There are three major contributions of this research. First, in an environment where there is
increased emphasis on fraud detection, there is a need to rethink the types of evidence
used (Hammersley, 2011, Hoffman and Zimbelman, 2009, Peecher et al., 2007). Here we
examine fraud risk assessments of auditors when they simultaneously use different sources
of evidence that are subject to different degrees of management influence. While some
forms of evidence can be manipulated by management, other evidence is generally more
difficult to manipulate as it comes from outside the organization.

Second, as suggested by Peecher et al. (2007), there is a need for research that addresses
the conditions under which auditors are more versus less likely to engage in triangulation.

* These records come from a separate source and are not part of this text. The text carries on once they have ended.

lemma many_nonzero_case_arith:
  fixes n N K L :: real
  assumes N: "n ^ 3 \<le> 2 * K * N ^ 2" and "N \<le> n" "1 \<le> N" "1 \<le> L" "0 < K"
  shows "n ^ 3 * N \<le> 1024 * K ^ 2 * L ^ 6 * N ^ 3"
proof -
  have "n ^ 2 * n ^ 4 = (n ^ 3) ^ 2" by (simp flip: power_add power_mult)
  also have "\<dots> \<le> (2 * K * N ^ 2) ^ 2" using assms by (intro power_mono) auto
  also have "\<dots> = 4 * K ^ 2 * N ^ 2 * N ^ 2" by (simp add: power_mult_distrib power2_eq_square)
  also have "\<dots> \<le> 4 * K ^ 2 * N ^ 2 * n ^ 2" using assms by (intro mult_left_mono power_mono) auto
  also have "\<dots> = n ^ 2 * (4 * K ^ 2 * N ^ 2)" by simp
  finally have "n ^ 4 \<le> 4 * K ^ 2 * N ^ 2"
    by (rule mult_left_le_imp_le) (use assms in simp)
  have "n ^ 3 \<le> n ^ 4" using assms by (intro power_increasing) auto
  also note \<open>n ^ 4 \<le> 4 * K ^ 2 * N ^ 2\<close>
  also have "4 * K ^ 2 * N ^ 2 \<le> 1024 * K ^ 2 * L ^ 6 * N ^ 2"
  proof -
    have "1 \<le> L ^ 6" using assms by simp
    hence "4 * K ^ 2 * 1 \<le> 1024 * K ^ 2 * L ^ 6" by (intro mult_mono) auto
    thus ?thesis by (intro mult_right_mono) auto
  qed
  finally have "n ^ 3 * N \<le> 1024 * K ^ 2 * L ^ 6 * N ^ 2 * N"
    using assms by (intro mult_right_mono) auto
  thus ?thesis by (simp add: power2_eq_square power3_eq_cube mult_ac)
qed

lemma subset_with_d_star_bound:
  fixes A :: "real set" and K :: real
  assumes fin: "finite A" and "A \<noteq> {}" and "0 < K" and E: "real (card A) ^ 3 / K \<le> mult_energy A"
  shows "\<exists>A' D. A' \<subseteq> A \<and> A' \<noteq> {} \<and> 0 < D \<and> d_star A' \<le> D \<and>
    real (card A) ^ 3 * D \<le> 1024 * K ^ 2 * log 2 (2 * real (card A)) ^ 6 * real (card A') ^ 3"
proof -
  define n where "n = real (card A)"
  define L where "L = log 2 (2 * n)"
  define A0 where "A0 = A - {0}"
  define N where "N = real (card A0)"
  have fin0: "finite A0" and nz0: "0 \<notin> A0" and "A0 \<subseteq> A" unfolding A0_def using fin by auto
  have "N \<le> n" unfolding N_def n_def A0_def using fin by (simp add: card_mono)
  have "1 \<le> n" unfolding n_def using fin \<open>A \<noteq> {}\<close> by (simp add: Suc_le_eq card_gt_0_iff)
  have "1 \<le> L" unfolding L_def using \<open>1 \<le> n\<close> by simp
  have "real (mult_energy A) \<le> mult_energy A0 + N ^ 2"
    using mult_energy_le_remove_zero[OF fin] unfolding N_def A0_def
    by (simp flip: of_nat_power of_nat_add)
  hence "K * mult_energy A \<le> K * (mult_energy A0 + N ^ 2)"
    using \<open>0 < K\<close> by (intro mult_left_mono) auto
  hence energy_split: "n ^ 3 \<le> K * mult_energy A0 + K * N ^ 2"
    using E \<open>0 < K\<close> unfolding n_def by (simp add: field_simps)
  have "\<exists>A' D. A' \<subseteq> A \<and> A' \<noteq> {} \<and> 0 < D \<and> d_star A' \<le> D \<and>
    n ^ 3 * D \<le> 1024 * K ^ 2 * L ^ 6 * real (card A') ^ 3"
  proof (cases "n ^ 3 \<le> 2 * K * mult_energy A0")
    case True
    hence "A0 \<noteq> {}" using \<open>1 \<le> n\<close> by (auto simp: mult_energy_def)
    then obtain A' D where A': "A' \<subseteq> A0" "A' \<noteq> {}" "0 < D" "d_star A' \<le> D" and
      ED: "real (mult_energy A0) ^ 2 * D \<le> 256 * log 2 (2 * N) ^ 6 * N ^ 3 * real (card A') ^ 3"
      using popular_subset_bounds_d_star[OF fin0 nz0] unfolding N_def by blast
    have "1 \<le> N" unfolding N_def using fin0 \<open>A0 \<noteq> {}\<close> by (simp add: Suc_le_eq card_gt_0_iff)
    hence "n ^ 3 * D \<le> 1024 * K ^ 2 * L ^ 6 * real (card A') ^ 3"
      using \<open>N \<le> n\<close> \<open>1 \<le> n\<close> \<open>0 < K\<close> A'(3) unfolding L_def
      by (intro large_energy_case_arith[OF True ED]) auto
    thus ?thesis using A' \<open>A0 \<subseteq> A\<close> by blast
  next
    case False
    hence "n ^ 3 \<le> 2 * K * N ^ 2" using energy_split by linarith
    hence "A0 \<noteq> {}" using \<open>1 \<le> n\<close> \<open>0 < K\<close> by (auto simp: N_def)
    hence "1 \<le> N" unfolding N_def using fin0 by (simp add: Suc_le_eq card_gt_0_iff)
    have "n ^ 3 * N \<le> 1024 * K ^ 2 * L ^ 6 * N ^ 3"
      using many_nonzero_case_arith \<open>n ^ 3 \<le> 2 * K * N ^ 2\<close> \<open>N \<le> n\<close> \<open>1 \<le> N\<close> \<open>1 \<le> L\<close> \<open>0 < K\<close> .
    moreover have "d_star A0 \<le> N" unfolding N_def by (rule d_star_le_card[OF fin0 \<open>A0 \<noteq> {}\<close> nz0])
    ultimately show ?thesis
      using \<open>A0 \<subseteq> A\<close> \<open>A0 \<noteq> {}\<close> \<open>1 \<le> N\<close> unfolding N_def by (intro exI[of _ A0]) auto
  qed
  thus ?thesis unfolding n_def L_def .
qed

Importantly, we find that external evidence, related to key business objectives, impacts
fraud assessments when the implications of two types of management-controlled evidence
are inconsistent. However, given the ability of management to manipulate this evidence,
external evidence related to business objectives should also be useful to detect fraud in
situations where the two types of evidence controlled by management both consistently
suggest a low likelihood of fraud. This was not the case in our study even though it is this
very situation where external evidence should be of most benefit in detecting fraud.

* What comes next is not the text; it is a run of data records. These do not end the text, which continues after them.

(* Let $p(x)$ be a probability distribution on a feature space $\mathcal X$, let $p_{\mathrm{CM}}(y\mid x)$, $y\in\{+1,-1\}$, be a conditional probability distribution, and let $\mathcal D_{\mathrm{CM}}=p(x)\,p_{\mathrm{CM}}(y\mid x)$ be the induced joint distribution of $(x,y)$. Let $r(y,x,\theta)$ be a measurable risk function with $0\le r(y,x,\theta)\le 1$ for all $y,x$ and a fixed parameter $\theta$, and write $r_1(x)=r(+1,x,\theta)$, $r_2(x)=r(-1,x,\theta)$. Then for every constant $c>0$, $$\Big(\mathbb E_{\mathcal D_{\mathrm{CM}}}\big[\mathbf 1_{r(y,x,\theta)>r(-y,x,\theta)}\big]\Big)^2\le \mathbb E_{p(x)}\Big[c\,p_{\mathrm{CM}}(+1\mid x)\,r_1(x)+c\,p_{\mathrm{CM}}(-1\mid x)\,r_2(x)+\log\big(1+e^{-c|r_1(x)-r_2(x)|}\big)+2e^{-2c|r_1(x)-r_2(x)|}\Big].$$
   Context: Binary classification with labels $y\in\{+1,-1\}$. The left-hand side is the misclassification error, under data distributed as $\mathcal D_{\mathrm{CM}}$, of the classifier that predicts $\mathrm{argmin}_{y\in\{\pm1\}} r(y,x,\theta)$. *)

theory Defs
  imports "HOL-Probability.Probability"
begin

definition labels :: "int set" where "labels = {1, -1}"

definition D_CM :: "'a measure \<Rightarrow> (int \<Rightarrow> 'a \<Rightarrow> real) \<Rightarrow> ('a \<times> int) measure" where
  "D_CM p pCM = density (p \<Otimes>\<^sub>M count_space labels) (\<lambda>(x, y). ennreal (pCM y x))"

end

theory Submission
  imports Defs "HOL-Library.Sum_of_Squares"
begin

text \<open>Conditioned on x, the misclassification error is the weight q of the label whose risk
  is strictly larger (0 on ties).  With t = c |r1 - r2| one has q \<le> q t + 2 exp(-2t), and
  q t is dominated by the linear terms of the bound, so the conditional error is pointwise
  below the integrand on the right.  Integrating over p(x), and
  using that the error lies in [0,1] so that its square is at most itself, gives the theorem.\<close>

lemma one_minus_le_two_exp_neg_two:
  fixes t :: real
  assumes "0 \<le> t"
  shows "1 - t \<le> 2 * exp (- 2 * t)"
proof (cases "t \<le> 1")
  case True
  \<comment> \<open>with u = 1 - t/2 \<in> [1/2,1]: 1 - t = 2u - 1 \<le> 2u^4 \<le> 2 exp(-t/2)^4\<close>
  define u where "u = 1 - t / 2"
  have u: "1/2 \<le> u" "u \<le> 1" using assms True by (auto simp: u_def)
  have "u \<le> exp (- (t / 2))" using exp_ge_add_one_self[of "- (t / 2)"] by (simp add: u_def)
  then have "u ^ 4 \<le> exp (- (t / 2)) ^ 4" by (rule power_mono) (use u in auto)
  also have "\<dots> = exp (- 2 * t)" by (simp add: exp_of_nat_mult[symmetric])
  finally have "u ^ 4 \<le> exp (- 2 * t)" .
  moreover have "2 * u - 1 \<le> 2 * u ^ 4" using u by sos
  ultimately show ?thesis by (simp add: u_def)
next
  case False
  then show ?thesis using exp_gt_zero[of "- 2 * t"] by linarith
qed

lemma le_mult_plus_two_exp_neg_two:
  fixes q t :: real
  assumes "0 \<le> q" "q \<le> 1" "0 \<le> t"
  shows "q \<le> q * t + 2 * exp (- 2 * t)"
proof (cases "t \<le> 1")
  case True
  have "q * (1 - t) \<le> 1 - t" using assms True by (simp add: mult_left_le_one_le)
  with one_minus_le_two_exp_neg_two[OF assms(3)] show ?thesis by (simp add: algebra_simps)
next
  case False
  then have "q * 1 \<le> q * t" using assms by (intro mult_left_mono) auto
  then show ?thesis using exp_gt_zero[of "- 2 * t"] by linarith
qed

lemma misclassification_le_surrogate_ordered:
  fixes p1 p2 a b c :: real
  assumes "0 \<le> p1" "p1 \<le> 1" "0 \<le> p2" "0 \<le> b" "b < a" "0 < c"
  shows "p1 \<le> c * p1 * a + c * p2 * b + ln (1 + exp (- c * \<bar>a - b\<bar>))
              + 2 * exp (- 2 * c * \<bar>a - b\<bar>)"
proof -
  have "p1 \<le> p1 * (c * \<bar>a - b\<bar>) + 2 * exp (- 2 * (c * \<bar>a - b\<bar>))"
    using assms by (intro le_mult_plus_two_exp_neg_two) auto
  also have "p1 * (c * \<bar>a - b\<bar>) \<le> c * p1 * a + c * p2 * b"
    using assms by (simp add: algebra_simps)
  finally have "p1 \<le> c * p1 * a + c * p2 * b + 2 * exp (- 2 * c * \<bar>a - b\<bar>)"
    by (simp add: mult.assoc)
  moreover have "0 \<le> ln (1 + exp (- c * \<bar>a - b\<bar>))" by simp
  ultimately show ?thesis by linarith
qed

lemma misclassification_le_surrogate:
  fixes p1 p2 a b c :: real
  assumes "0 \<le> p1" "0 \<le> p2" "p1 + p2 = 1" "0 \<le> a" "0 \<le> b" "0 < c"
  shows "p1 * (if a > b then 1 else 0) + p2 * (if b > a then 1 else 0)
     \<le> c * p1 * a + c * p2 * b + ln (1 + exp (- c * \<bar>a - b\<bar>)) + 2 * exp (- 2 * c * \<bar>a - b\<bar>)"
proof -
  have "p1 \<le> 1" "p2 \<le> 1" using assms(1-3) by linarith+
  consider "b < a" | "a < b" | "a = b" by linarith
  then show ?thesis
  proof cases
    case 1
    with misclassification_le_surrogate_ordered[OF assms(1) \<open>p1 \<le> 1\<close> assms(2,5) 1 assms(6)]
    show ?thesis by simp
  next
    case 2
    with misclassification_le_surrogate_ordered[OF assms(2) \<open>p2 \<le> 1\<close> assms(1,4) 2 assms(6)]
    show ?thesis by (simp add: abs_minus_commute add_ac)
  next
    case 3
    then show ?thesis using assms by (simp add: add_nonneg_nonneg)
  qed
qed

lemma surrogate_bounded:
  fixes p1 p2 a b c :: real
  assumes "0 \<le> p1" "0 \<le> p2" "p1 + p2 = 1" "0 \<le> a" "a \<le> 1" "0 \<le> b" "b \<le> 1" "0 < c"
  shows "\<bar>c * p1 * a + c * p2 * b + ln (1 + exp (- c * \<bar>a - b\<bar>))
            + 2 * exp (- 2 * c * \<bar>a - b\<bar>)\<bar> \<le> 2 * c + 3"
proof -
  have "c * p1 * a \<le> c" "c * p2 * b \<le> c"
    using assms by (auto simp: mult.assoc intro!: mult_le_one)
  moreover have "ln (1 + exp (- c * \<bar>a - b\<bar>)) \<le> 1"
  proof -
    have "exp (- c * \<bar>a - b\<bar>) \<le> 1" using assms by simp
    moreover have "ln (1 + exp (- c * \<bar>a - b\<bar>)) \<le> exp (- c * \<bar>a - b\<bar>)"
      by (rule ln_add_one_self_le_self) simp
    ultimately show ?thesis by linarith
  qed
  moreover have "exp (- 2 * c * \<bar>a - b\<bar>) \<le> 1" using assms by simp
  moreover have "0 \<le> c * p1 * a" "0 \<le> c * p2 * b" using assms by auto
  moreover have "0 \<le> ln (1 + exp (- c * \<bar>a - b\<bar>))" by (rule ln_ge_zero) simp
  moreover note exp_gt_zero[of "- 2 * c * \<bar>a - b\<bar>"]
  ultimately show ?thesis unfolding abs_le_iff by (intro conjI) linarith+
qed

lemma measurable_pair_count_space_countable:
  assumes "countable I" "\<And>i. i \<in> I \<Longrightarrow> (\<lambda>x. f (x, i)) \<in> measurable M N"
  shows "f \<in> measurable (M \<Otimes>\<^sub>M count_space I) N"
proof -
  have "(\<lambda>z. (\<lambda>i z. f (fst z, i)) (snd z) z) \<in> measurable (M \<Otimes>\<^sub>M count_space I) N"
    by (rule measurable_compose_countable'[OF _ measurable_snd assms(1)]) (use assms(2) in simp)
  then show ?thesis by simp
qed

lemma integral_D_CM:
  fixes f :: "'a \<times> int \<Rightarrow> real"
  assumes "prob_space p"
    and "\<And>y. y \<in> labels \<Longrightarrow> pCM y \<in> borel_measurable p"
    and "\<And>y x. y \<in> labels \<Longrightarrow> x \<in> space p \<Longrightarrow> pCM y x \<ge> 0"
    and "\<And>x. x \<in> space p \<Longrightarrow> pCM 1 x + pCM (-1) x = 1"
    and "\<And>y. y \<in> labels \<Longrightarrow> (\<lambda>x. f (x, y)) \<in> borel_measurable p"
    and "\<And>x y. x \<in> space p \<Longrightarrow> y \<in> labels \<Longrightarrow> \<bar>f (x, y)\<bar> \<le> B"
  shows "(\<integral>z. f z \<partial>D_CM p pCM) = (\<integral>x. pCM 1 x * f (x, 1) + pCM (-1) x * f (x, -1) \<partial>p)"
proof -
  interpret P: prob_space p by fact
  let ?L = "count_space labels"
  define w where "w = (\<lambda>(x, y). pCM y x)"
  have fin: "finite labels" and cnt: "countable labels" by (simp_all add: labels_def)
  interpret C: finite_measure ?L using fin by (rule finite_measure_count_space)
  interpret PC: pair_sigma_finite p ?L
    by (intro pair_sigma_finite.intro P.sigma_finite_measure_axioms C.sigma_finite_measure_axioms)
  interpret M: finite_measure "p \<Otimes>\<^sub>M ?L"
    by (intro finite_measure_pair_measure P.finite_measure_axioms C.finite_measure_axioms)
  have w_meas: "w \<in> borel_measurable (p \<Otimes>\<^sub>M ?L)"
    using cnt by (rule measurable_pair_count_space_countable) (simp add: w_def assms(2))
  have f_meas: "f \<in> borel_measurable (p \<Otimes>\<^sub>M ?L)"
    using cnt assms(5) by (rule measurable_pair_count_space_countable)
  have w_bounds: "0 \<le> pCM y x" "pCM y x \<le> 1" if "x \<in> space p" "y \<in> labels" for x y
    using that assms(3)[of 1 x] assms(3)[of "-1" x] assms(4)[of x] by (auto simp: labels_def)
  have D: "D_CM p pCM = density (p \<Otimes>\<^sub>M ?L) (\<lambda>z. ennreal (w z))"
    unfolding D_CM_def w_def by (simp add: case_prod_beta')
  have "(\<integral>z. f z \<partial>D_CM p pCM) = (\<integral>z. w z *\<^sub>R f z \<partial>(p \<Otimes>\<^sub>M ?L))"
    unfolding D
  proof (rule integral_density[OF f_meas w_meas])
    show "AE z in p \<Otimes>\<^sub>M ?L. 0 \<le> w z"
      using w_bounds(1) by (intro AE_I2) (auto simp: space_pair_measure w_def)
  qed
  also have "\<dots> = (\<integral>x. (\<integral>y. w (x, y) *\<^sub>R f (x, y) \<partial>?L) \<partial>p)"
  proof (rule PC.integral_fst'[symmetric, of "\<lambda>z. w z *\<^sub>R f z"])
    show "integrable (p \<Otimes>\<^sub>M ?L) (\<lambda>z. w z *\<^sub>R f z)"
    proof (rule M.integrable_const_bound[where B = B])
      show "AE z in p \<Otimes>\<^sub>M ?L. norm (w z *\<^sub>R f z) \<le> B"
      proof (rule AE_I2)
        fix z assume "z \<in> space (p \<Otimes>\<^sub>M ?L)"
        then obtain x y where z: "z = (x, y)" "x \<in> space p" "y \<in> labels"
          by (auto simp: space_pair_measure)
        have "\<bar>pCM y x\<bar> * \<bar>f (x, y)\<bar> \<le> 1 * B"
          using w_bounds[OF z(2,3)] assms(6)[OF z(2,3)] by (intro mult_mono) auto
        then show "norm (w z *\<^sub>R f z) \<le> B" by (simp add: z w_def abs_mult)
      qed
    qed (intro borel_measurable_scaleR w_meas f_meas)
  qed
  also have "\<dots> = (\<integral>x. pCM 1 x * f (x, 1) + pCM (-1) x * f (x, -1) \<partial>p)"
    using fin by (simp add: w_def lebesgue_integral_count_space_finite labels_def)
  finally show ?thesis .
qed

lemma square_integral_le_integral:
  fixes f g :: "'a \<Rightarrow> real"
  assumes "prob_space M" "f \<in> borel_measurable M" "integrable M g"
    and "\<And>x. x \<in> space M \<Longrightarrow> 0 \<le> f x \<and> f x \<le> 1"
    and "\<And>x. x \<in> space M \<Longrightarrow> f x \<le> g x"
  shows "(\<integral>x. f x \<partial>M)\<^sup>2 \<le> (\<integral>x. g x \<partial>M)"
proof -
  interpret prob_space M by fact
  have f_int: "integrable M f"
    by (rule integrable_const_bound[where B = 1]) (use assms(2,4) in \<open>auto intro!: AE_I2\<close>)
  have "0 \<le> (\<integral>x. f x \<partial>M)" using assms(4) by (intro integral_nonneg_AE AE_I2) auto
  moreover have "(\<integral>x. f x \<partial>M) \<le> 1"
    using integral_mono[OF f_int integrable_const[of 1]] assms(4) by (simp add: prob_space)
  ultimately have "(\<integral>x. f x \<partial>M)\<^sup>2 \<le> (\<integral>x. f x \<partial>M)"
    by (simp add: power2_eq_square mult_left_le_one_le)
  also have "\<dots> \<le> (\<integral>x. g x \<partial>M)"
    using f_int assms(3,5) by (rule integral_mono)
  finally show ?thesis .
qed

lemma misclassification_error_D_CM:
  fixes r :: "int \<Rightarrow> 'a \<Rightarrow> real"
  assumes "prob_space p"
    and "\<And>y. y \<in> labels \<Longrightarrow> pCM y \<in> borel_measurable p"
    and "\<And>y x. y \<in> labels \<Longrightarrow> x \<in> space p \<Longrightarrow> pCM y x \<ge> 0"
    and "\<And>x. x \<in> space p \<Longrightarrow> pCM 1 x + pCM (-1) x = 1"
    and "\<And>y. y \<in> labels \<Longrightarrow> r y \<in> borel_measurable p"
  shows "(\<integral>(x, y). (if r y x > r (-y) x then 1 else 0) \<partial>(D_CM p pCM))
    = (\<integral>x. pCM 1 x * (if r 1 x > r (-1) x then 1 else 0)
          + pCM (-1) x * (if r (-1) x > r 1 x then 1 else 0) \<partial>p)"
proof (subst integral_D_CM[OF assms(1-4), where B = 1])
  fix y :: int assume "y \<in> labels"
  then have [measurable]: "r y \<in> borel_measurable p" "r (-y) \<in> borel_measurable p"
    using assms(5) by (auto simp: labels_def)
  have "(\<lambda>x. if r (-y) x < r y x then 1 else 0 :: real) \<in> borel_measurable p" by measurable
  then show "(\<lambda>x. (\<lambda>(x, y). if r (-y) x < r y x then 1 else 0 :: real) (x, y)) \<in> borel_measurable p"
    by simp
qed simp_all

theorem theorem1:
  fixes p :: "'a measure" and pCM :: "int \<Rightarrow> 'a \<Rightarrow> real"
    and r :: "int \<Rightarrow> 'a \<Rightarrow> 'b \<Rightarrow> real" and \<theta> :: 'b and c :: real
  assumes "prob_space p"
    and "\<And>y. y \<in> labels \<Longrightarrow> pCM y \<in> borel_measurable p"
    and "\<And>y x. y \<in> labels \<Longrightarrow> x \<in> space p \<Longrightarrow> pCM y x \<ge> 0"
    and "\<And>x. x \<in> space p \<Longrightarrow> pCM 1 x + pCM (-1) x = 1"
    and "\<And>y. y \<in> labels \<Longrightarrow> (\<lambda>x. r y x \<theta>) \<in> borel_measurable p"
    and "\<And>y x. y \<in> labels \<Longrightarrow> x \<in> space p \<Longrightarrow> 0 \<le> r y x \<theta> \<and> r y x \<theta> \<le> 1"
    and "c > 0"
  shows "(\<integral>(x, y). (if r y x \<theta> > r (-y) x \<theta> then 1 else 0) \<partial>(D_CM p pCM))\<^sup>2
     \<le> (\<integral>x. c * pCM 1 x * r 1 x \<theta> + c * pCM (-1) x * r (-1) x \<theta>
            + ln (1 + exp (- c * \<bar>r 1 x \<theta> - r (-1) x \<theta>\<bar>))
            + 2 * exp (- 2 * c * \<bar>r 1 x \<theta> - r (-1) x \<theta>\<bar>) \<partial>p)"
proof -
  interpret prob_space p by fact
  have labels: "1 \<in> labels" "-1 \<in> labels" by (simp_all add: labels_def)
  have [measurable]: "pCM 1 \<in> borel_measurable p" "pCM (-1) \<in> borel_measurable p"
    "(\<lambda>x. r 1 x \<theta>) \<in> borel_measurable p" "(\<lambda>x. r (-1) x \<theta>) \<in> borel_measurable p"
    using assms(2,5) labels by auto
  have bounds: "0 \<le> pCM 1 x" "0 \<le> pCM (-1) x" "pCM 1 x + pCM (-1) x = 1"
    "pCM 1 x \<le> 1" "pCM (-1) x \<le> 1" "0 \<le> r 1 x \<theta>" "r 1 x \<theta> \<le> 1" "0 \<le> r (-1) x \<theta>" "r (-1) x \<theta> \<le> 1" if "x \<in> space p" for x
    using assms(3,4,6) labels that by force+
  define err where "err = (\<lambda>x. pCM 1 x * (if r 1 x \<theta> > r (-1) x \<theta> then 1 else 0)
    + pCM (-1) x * (if r (-1) x \<theta> > r 1 x \<theta> then 1 else 0))"
  define bound where "bound = (\<lambda>x. c * pCM 1 x * r 1 x \<theta> + c * pCM (-1) x * r (-1) x \<theta>
    + ln (1 + exp (- c * \<bar>r 1 x \<theta> - r (-1) x \<theta>\<bar>))
    + 2 * exp (- 2 * c * \<bar>r 1 x \<theta> - r (-1) x \<theta>\<bar>))"
  have "integrable p bound"
  proof (rule integrable_const_bound[where B = "2 * c + 3"])
    show "AE x in p. norm (bound x) \<le> 2 * c + 3"
      using bounds surrogate_bounded[OF _ _ _ _ _ _ _ assms(7)] by (intro AE_I2) (auto simp: bound_def)
    show "bound \<in> borel_measurable p" unfolding bound_def by measurable
  qed
  moreover have "err \<in> borel_measurable p" unfolding err_def by measurable
  ultimately have "(\<integral>x. err x \<partial>p)\<^sup>2 \<le> (\<integral>x. bound x \<partial>p)"
    using bounds misclassification_le_surrogate[OF _ _ _ _ _ assms(7)]
    by (intro square_integral_le_integral[OF assms(1)]) (auto simp: err_def bound_def)
  moreover have "(\<integral>(x, y). (if r y x \<theta> > r (-y) x \<theta> then 1 else 0) \<partial>(D_CM p pCM)) = (\<integral>x. err x \<partial>p)"
    unfolding err_def using assms(1-5) by (rule misclassification_error_D_CM)
  ultimately show ?thesis by (simp add: bound_def)
qed

end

Third, we report results on the ability of auditors to use evidence on the performance of the
client’s business model to assess the risk of a (seeded) accounting fraud. We manipulate the
financial statements such that there is either relatively high or low compatibility of the
asserted financial statement numbers with the design and performance of the client’s
business model. While a lack of compatibility does not necessarily indicate a misstatement,
it should result in auditors refining their misstatement and non-misstatement expectations
(Peecher et al., 2007). We find that auditors can use evidence on the performance of the
client’s business model, and its compatibility with the financial statements, to interpret
appropriately the fraud risk implications.